– Это тебя мучит? – удивился философ повороту моей мысли.
Я затруднялся ответить – слишком уж мутны были мои позывы.
– Чуждое мне – это застылость души, случившаяся от потерь дорогих людей, от настроя жены, и равнодушия в людях ко мне и каждому, кому я проникал в сознание. Короче, одиночество.
Философ внимательно выслушал меня, и закончил так:
– Ты еще не умер. Тебе надо разжечь в себе остатки того, чем еще жив, чтобы искать облегчение. А как, твоя суть знает.
Да, я действительно мог еще кого-то любить, и ненавидеть. Все это было засыпано пеплом усталости.
Я оставил мудреца в глубоком сомнении.
Я никогда не был вольнодумцем, пользовался багажом, оставленным гуманистами, и потом верными ленинцами. И до настоящего времени боюсь бездумно распахнуть душу, прикрываюсь деликатным отношением к окружающему.
Себя молодого я вспоминал только личностно-субъективно, отделяя от «не меня», хотя то казалось дружелюбным. Слишком долго – до середины своих лет оставался наивным. Как большинство «совков» (так в мою эпоху называли обывателя, не отрывающего глаз от земли, но убежденного, что мы лучше всех). По настойчивой просьбе искавшего таланты редактора журнала я отдал амбарную книгу с обрывочными неразборчивыми записями моих стихов на рассмотрение, которую отвратительно молча возвратила секретарша. Чудовищная наивность юности! Я пережил унижение, которое сам и создал. Может быть, в этом и была вся прелесть молодости? Чистота наивности, невежества и самоуверенности.

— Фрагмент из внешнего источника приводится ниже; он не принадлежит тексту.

text \<open>Tensors at a point of a 4-dimensional spacetime, in components with respect to
  a coordinate basis; indices are natural numbers in 0..3 (i.e. below 4).\<close>

definition eta :: "nat \<Rightarrow> nat \<Rightarrow> real" where
  "eta i j = (if i = j then (if i = 0 then 1 else -1) else 0)"

definition lorentzian :: "(nat \<Rightarrow> nat \<Rightarrow> real) \<Rightarrow> bool" where
  "lorentzian g \<longleftrightarrow> (\<forall>a<4. \<forall>b<4. g a b = g b a) \<and>
     (\<exists>E :: nat \<Rightarrow> nat \<Rightarrow> real. \<forall>i<4. \<forall>j<4.
        (\<Sum>a<4. \<Sum>b<4. E i a * E j b * g a b) = eta i j)"

text \<open>Levi-Civita symbol [abcd] with [0123] = 1.\<close>
definition lc_sym :: "nat \<Rightarrow> nat \<Rightarrow> nat \<Rightarrow> nat \<Rightarrow> real" where
  "lc_sym a b c d = real_of_int (sgn ((int b - int a) * (int c - int a) * (int d - int a)
      * (int c - int b) * (int d - int b) * (int d - int c)))"

definition mdet :: "(nat \<Rightarrow> nat \<Rightarrow> real) \<Rightarrow> real" where
  "mdet g = (\<Sum>a<4. \<Sum>b<4. \<Sum>c<4. \<Sum>d<4.
      lc_sym a b c d * g 0 a * g 1 b * g 2 c * g 3 d)"

definition ginv :: "(nat \<Rightarrow> nat \<Rightarrow> real) \<Rightarrow> nat \<Rightarrow> nat \<Rightarrow> real" where
  "ginv g = (THE h. (\<forall>a<4. \<forall>c<4. (\<Sum>b<4. g a b * h b c) = (if a = c then 1 else 0))
                 \<and> (\<forall>a b. \<not> (a < 4 \<and> b < 4) \<longrightarrow> h a b = 0))"

definition eps_low :: "(nat \<Rightarrow> nat \<Rightarrow> real) \<Rightarrow> nat \<Rightarrow> nat \<Rightarrow> nat \<Rightarrow> nat \<Rightarrow> real" where
  "eps_low g a b c d = sqrt (- mdet g) * lc_sym a b c d"

definition eps_mix :: "(nat \<Rightarrow> nat \<Rightarrow> real) \<Rightarrow> nat \<Rightarrow> nat \<Rightarrow> nat \<Rightarrow> nat \<Rightarrow> real" where
  "eps_mix g a b p q = (\<Sum>r<4. \<Sum>s<4. eps_low g a b r s * ginv g r p * ginv g s q)"

definition g4 :: "(nat \<Rightarrow> nat \<Rightarrow> real) \<Rightarrow> nat \<Rightarrow> nat \<Rightarrow> nat \<Rightarrow> nat \<Rightarrow> real" where
  "g4 g a b c d = g a c * g b d - g a d * g b c"

definition left_dual where
  "left_dual g X a b c d = (1/2) * (\<Sum>p<4. \<Sum>q<4. eps_mix g a b p q * X p q c d)"
definition right_dual where
  "right_dual g X a b c d = (1/2) * (\<Sum>p<4. \<Sum>q<4. eps_mix g c d p q * X a b p q)"
definition double_dual where
  "double_dual g X a b c d = (1/4) * (\<Sum>p<4. \<Sum>q<4. \<Sum>r<4. \<Sum>s<4.
      eps_mix g a b p q * eps_mix g c d r s * X p q r s)"

definition contr :: "(nat \<Rightarrow> nat \<Rightarrow> nat \<Rightarrow> nat \<Rightarrow> real) \<Rightarrow> (nat \<Rightarrow> real) \<Rightarrow> nat \<Rightarrow> nat \<Rightarrow> real" where
  "contr Y t a c = (\<Sum>b<4. \<Sum>d<4. Y a b c d * t b * t d)"

definition frakA where "frakA g X t a c = contr X t a c"
definition frakB where "frakB g X t a c = - contr (right_dual g X) t a c"
definition frakC where "frakC g X t a c = - contr (left_dual g X) t a c"
definition frakD where "frakD g X t a c = contr (double_dual g X) t a c"

definition raise2 :: "(nat \<Rightarrow> nat \<Rightarrow> real) \<Rightarrow> (nat \<Rightarrow> nat \<Rightarrow> real) \<Rightarrow> nat \<Rightarrow> nat \<Rightarrow> real" where
  "raise2 g T p r = (\<Sum>a<4. \<Sum>c<4. ginv g p a * ginv g r c * T a c)"

definition sqnorm :: "(nat \<Rightarrow> nat \<Rightarrow> real) \<Rightarrow> (nat \<Rightarrow> real) \<Rightarrow> real" where
  "sqnorm g t = (\<Sum>m<4. \<Sum>n<4. g m n * t m * t n)"

end

theory Submission
  imports Defs "HOL-Analysis.Cartesian_Space"
begin

(* For a 2-form F and a vector t with t_m t^m \<noteq> 0, F is determined by its electric part
   E_a = F_ab t^b and its magnetic part B_a = - (dual F)_ab t^b relative to t:
     (t_m t^m) F_ab = g_abpq E^p t^q + eps_abpq B^p t^q.
   The g-term equals E_a t_b - t_a E_b.  In the eps-term, eps^abcd = - [abcd] / sqrt (- det g)
   (det g < 0 because g is Lorentzian) turns eps_pabq eps^pwuv into minus the generalized
   Kronecker delta, which gives t_a E_b - t_b E_a + (t_m t^m) F_ab.
   Decomposing X in its first index pair, and then each of the resulting E and B in the
   second pair, produces exactly the contractions A, B, C, D of X and its duals. *)

definition kron :: "nat \<Rightarrow> nat \<Rightarrow> real" where
  "kron i j = (if i = j then 1 else 0)"

lemma kron_commute: "kron i j = kron j i"
  by (simp add: kron_def)

lemma sum_kron_left: "c < 4 \<Longrightarrow> (\<Sum>v<4. kron c v * f v) = f c"
  by (simp add: kron_def if_distrib[of "\<lambda>x. x * f _"] sum.delta' cong: if_cong)

lemma sum_kron_right: "c < 4 \<Longrightarrow> (\<Sum>v<4. f v * kron v c) = f c"
  by (simp add: kron_def if_distrib[of "\<lambda>x. f _ * x"] sum.delta cong: if_cong)

lemma less_4_cases:
  assumes "i < (4::nat)"
  obtains "i = 0" | "i = 1" | "i = 2" | "i = 3"
  using assms by linarith

lemma sum_lessThan_4: "(\<Sum>p<4. f p) = f 0 + f 1 + f 2 + f 3" for f :: "nat \<Rightarrow> 'a::comm_monoid_add"
  by (simp add: eval_nat_numeral add.assoc)

lemma sum_pull_out_2: "(\<Sum>a\<in>A. \<Sum>b\<in>B. \<Sum>i\<in>I. F a b i) = (\<Sum>i\<in>I. \<Sum>a\<in>A. \<Sum>b\<in>B. F a b i)"
proof -
  have "(\<Sum>a\<in>A. \<Sum>b\<in>B. \<Sum>i\<in>I. F a b i) = (\<Sum>a\<in>A. \<Sum>i\<in>I. \<Sum>b\<in>B. F a b i)"
    by (rule sum.cong[OF refl], rule sum.swap)
  then show ?thesis by (simp only: sum.swap[of _ A])
qed

lemma sum_pull_out_3:
  "(\<Sum>a\<in>A. \<Sum>b\<in>B. \<Sum>c\<in>C. \<Sum>i\<in>I. F a b c i) = (\<Sum>i\<in>I. \<Sum>a\<in>A. \<Sum>b\<in>B. \<Sum>c\<in>C. F a b c i)"
proof -
  have "(\<Sum>a\<in>A. \<Sum>b\<in>B. \<Sum>c\<in>C. \<Sum>i\<in>I. F a b c i) = (\<Sum>a\<in>A. \<Sum>i\<in>I. \<Sum>b\<in>B. \<Sum>c\<in>C. F a b c i)"
    by (rule sum.cong[OF refl], rule sum_pull_out_2)
  then show ?thesis by (simp only: sum.swap[of _ A])
qed

lemma sum_pull_out_4:
  "(\<Sum>a\<in>A. \<Sum>b\<in>B. \<Sum>c\<in>C. \<Sum>d\<in>D. \<Sum>i\<in>I. F a b c d i)
    = (\<Sum>i\<in>I. \<Sum>a\<in>A. \<Sum>b\<in>B. \<Sum>c\<in>C. \<Sum>d\<in>D. F a b c d i)"
proof -
  have "(\<Sum>a\<in>A. \<Sum>b\<in>B. \<Sum>c\<in>C. \<Sum>d\<in>D. \<Sum>i\<in>I. F a b c d i)
      = (\<Sum>a\<in>A. \<Sum>i\<in>I. \<Sum>b\<in>B. \<Sum>c\<in>C. \<Sum>d\<in>D. F a b c d i)"
    by (rule sum.cong[OF refl], rule sum_pull_out_3)
  then show ?thesis by (simp only: sum.swap[of _ A])
qed

lemma sum_swap_4_4:
  "(\<Sum>a\<in>A. \<Sum>b\<in>B. \<Sum>c\<in>C. \<Sum>d\<in>D. \<Sum>i\<in>I. \<Sum>j\<in>J. \<Sum>k\<in>K. \<Sum>l\<in>L. F a b c d i j k l)
 = (\<Sum>i\<in>I. \<Sum>j\<in>J. \<Sum>k\<in>K. \<Sum>l\<in>L. \<Sum>a\<in>A. \<Sum>b\<in>B. \<Sum>c\<in>C. \<Sum>d\<in>D. F a b c d i j k l)"
  by (subst sum_pull_out_4, rule sum.cong[OF refl])+ (rule refl)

Это-то и держало меня, спрятанное в корявых стихах амбарной книги, некая золотая залежь в мозгу, запечатанная до лучших времен, которые никогда не состоятся.

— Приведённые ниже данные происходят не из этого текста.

(* Let $u \in \mathbb{R}^n_{\ge 0}$ and let $h : \mathbb{R}^n \to \mathbb{R}$ be a differentiable concave function with $h(0) > 0$. Let $Y = \{y \in [0,u] : h(y) = 0\}$ (for every $y \in Y$ one has $\nabla h(y)^{\mathsf T} y < 0$). Let $\beta : Y \to \mathbb{R}$ be such that $\beta(y) < 1$ for all $y \in Y$ and such that every $x \ge 0$ satisfying the disjunction \[ \bigvee_{y \in Y} \frac{\nabla h(y)^{\mathsf T} x}{\nabla h(y)^{\mathsf T} y} \ge 1 \qquad (\ast) \] (i.e., there exists $y \in Y$ with $\frac{\nabla h(y)^{\mathsf T} x}{\nabla h(y)^{\mathsf T} y} \ge 1$) also satisfies $\frac{\nabla h(y)^{\mathsf T} x}{\nabla h(y)^{\mathsf T} y} \ge \beta(y)$ for every $y \in Y$. Let $z : Y \to \mathbb{Z}$ be such that either $z \equiv 0$ or there exists $y_0 \in Y$ with $z(y_0) > 0$. Then every $x \ge 0$ satisfying $(\ast)$ also satisfies \[ \bigvee_{y \in Y} \frac{\nabla h(y)^{\mathsf T} x}{\nabla h(y)^{\mathsf T} y} + z(y)\,(1 - \beta(y)) \ge 1, \] i.e., there exists $y \in Y$ with $\frac{\nabla h(y)^{\mathsf T} x}{\nabla h(y)^{\mathsf T} y} + z(y)(1 - \beta(y)) \ge 1$.
   Context: $[0,u] = \{x \in \mathbb{R}^n : 0 \le x_i \le u_i \text{ for all } i\}$. The function $\beta$ plays the role of lower bounds on each disjunctive term valid for all relevant points. *)

theory Defs
  imports "HOL-Analysis.Analysis"
begin

end

theory Submission
  imports Defs
begin

lemma add_int_mult_gap_ge_one:
  fixes t b :: real and k :: int
  assumes "t \<ge> b" and "b \<le> 1" and "k > 0"
  shows "t + of_int k * (1 - b) \<ge> 1"
proof -
  have "1 - b \<le> of_int k * (1 - b)"
    using mult_right_mono[of 1 "of_int k" "1 - b"] assms by simp
  with \<open>t \<ge> b\<close> show ?thesis
    by linarith
qed

lemma disjunction_shift_by_integer_gaps:
  fixes f \<beta> :: "'a \<Rightarrow> real" and z :: "'a \<Rightarrow> int"
  assumes disj: "\<exists>y\<in>Y. f y \<ge> 1"
    and lower: "\<forall>y\<in>Y. f y \<ge> \<beta> y"
    and beta_le: "\<forall>y\<in>Y. \<beta> y \<le> 1"
    and z_cases: "(\<forall>y\<in>Y. z y = 0) \<or> (\<exists>y\<in>Y. z y > 0)"
  shows "\<exists>y\<in>Y. f y + of_int (z y) * (1 - \<beta> y) \<ge> 1"
  using z_cases
proof
  assume "\<forall>y\<in>Y. z y = 0"
  then show ?thesis
    using disj by auto
next
  assume "\<exists>y\<in>Y. z y > 0"
  then obtain y where "y \<in> Y" "z y > 0"
    by blast
  then show ?thesis
    using lower beta_le by (intro bexI[of _ y] add_int_mult_gap_ge_one) auto
qed

(* The hypotheses on u and h only describe the setting in which Y and the cut coefficients
   arise; the argument needs nothing beyond the validity of the lower bounds \<beta>. *)
theorem lemma1:
  fixes u :: "real ^ 'n" and h :: "real ^ 'n \<Rightarrow> real"
    and gradh :: "real ^ 'n \<Rightarrow> real ^ 'n"
    and Y :: "(real ^ 'n) set"
    and \<beta> :: "real ^ 'n \<Rightarrow> real" and z :: "real ^ 'n \<Rightarrow> int"
  assumes u_nonneg: "\<forall>i. 0 \<le> u $ i"
    and grad: "\<forall>y. (h has_derivative (\<lambda>v. gradh y \<bullet> v)) (at y)"
    and concave: "concave_on UNIV h"
    and h0: "h 0 > 0"
    and Y_def: "Y = {y. (\<forall>i. 0 \<le> y $ i \<and> y $ i \<le> u $ i) \<and> h y = 0}"
    and beta_lt: "\<forall>y\<in>Y. \<beta> y < 1"
    and beta_valid: "\<forall>x. (\<forall>i. 0 \<le> x $ i) \<longrightarrow>
        (\<exists>y\<in>Y. (gradh y \<bullet> x) / (gradh y \<bullet> y) \<ge> 1) \<longrightarrow>
        (\<forall>y\<in>Y. (gradh y \<bullet> x) / (gradh y \<bullet> y) \<ge> \<beta> y)"
    and z_cond: "(\<forall>y\<in>Y. z y = 0) \<or> (\<exists>y0\<in>Y. z y0 > 0)"
  shows "\<forall>x. (\<forall>i. 0 \<le> x $ i) \<longrightarrow>
        (\<exists>y\<in>Y. (gradh y \<bullet> x) / (gradh y \<bullet> y) \<ge> 1) \<longrightarrow>
        (\<exists>y\<in>Y. (gradh y \<bullet> x) / (gradh y \<bullet> y) + real_of_int (z y) * (1 - \<beta> y) \<ge> 1)"
proof (intro allI impI)
  fix x :: "real ^ 'n"
  assume "\<forall>i. 0 \<le> x $ i"
    and disj: "\<exists>y\<in>Y. (gradh y \<bullet> x) / (gradh y \<bullet> y) \<ge> 1"
  then have "\<forall>y\<in>Y. (gradh y \<bullet> x) / (gradh y \<bullet> y) \<ge> \<beta> y"
    using beta_valid by blast
  moreover have "\<forall>y\<in>Y. \<beta> y \<le> 1"
    using beta_lt by fastforce
  ultimately show "\<exists>y\<in>Y. (gradh y \<bullet> x) / (gradh y \<bullet> y) + real_of_int (z y) * (1 - \<beta> y) \<ge> 1"
    using disjunction_shift_by_integer_gaps[OF disj _ _ z_cond] by blast
qed

end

Я всегда ощущал вокруг себя невидимые чужие казенные стены, что мешали полностью открываться (тем более в нецензурных выражениях), и потому жил словно оправдываясь. Мою трусость считали интеллигентской деликатностью. Меня вводило в панику чужое одолжение, хотелось бежать отплатить тем же.
Все проходит. Настало затянувшееся размякшее мирное время после второй мировой войны, перед очередным свержением старого мира, названным перестройкой. Время либерализма. Тогда расплодились авторы-гении, кто мог писать обо всем, не заботясь об установленных правилах. Народ захлестнула волна разоблачений, журнал «Огонек» неутомимо влезал пальцами под дых старой советской системе, выворачивая ее нутро наизнанку. Это стало настолько привычным, что мне стало неинтересно читать даже изданный либералами огромный том материалов о преследовании академика Сахарова, забытый в моем кабинете на подоконнике. Я, неутомимый чтец книг, не осилил однообразного перечисления фактов.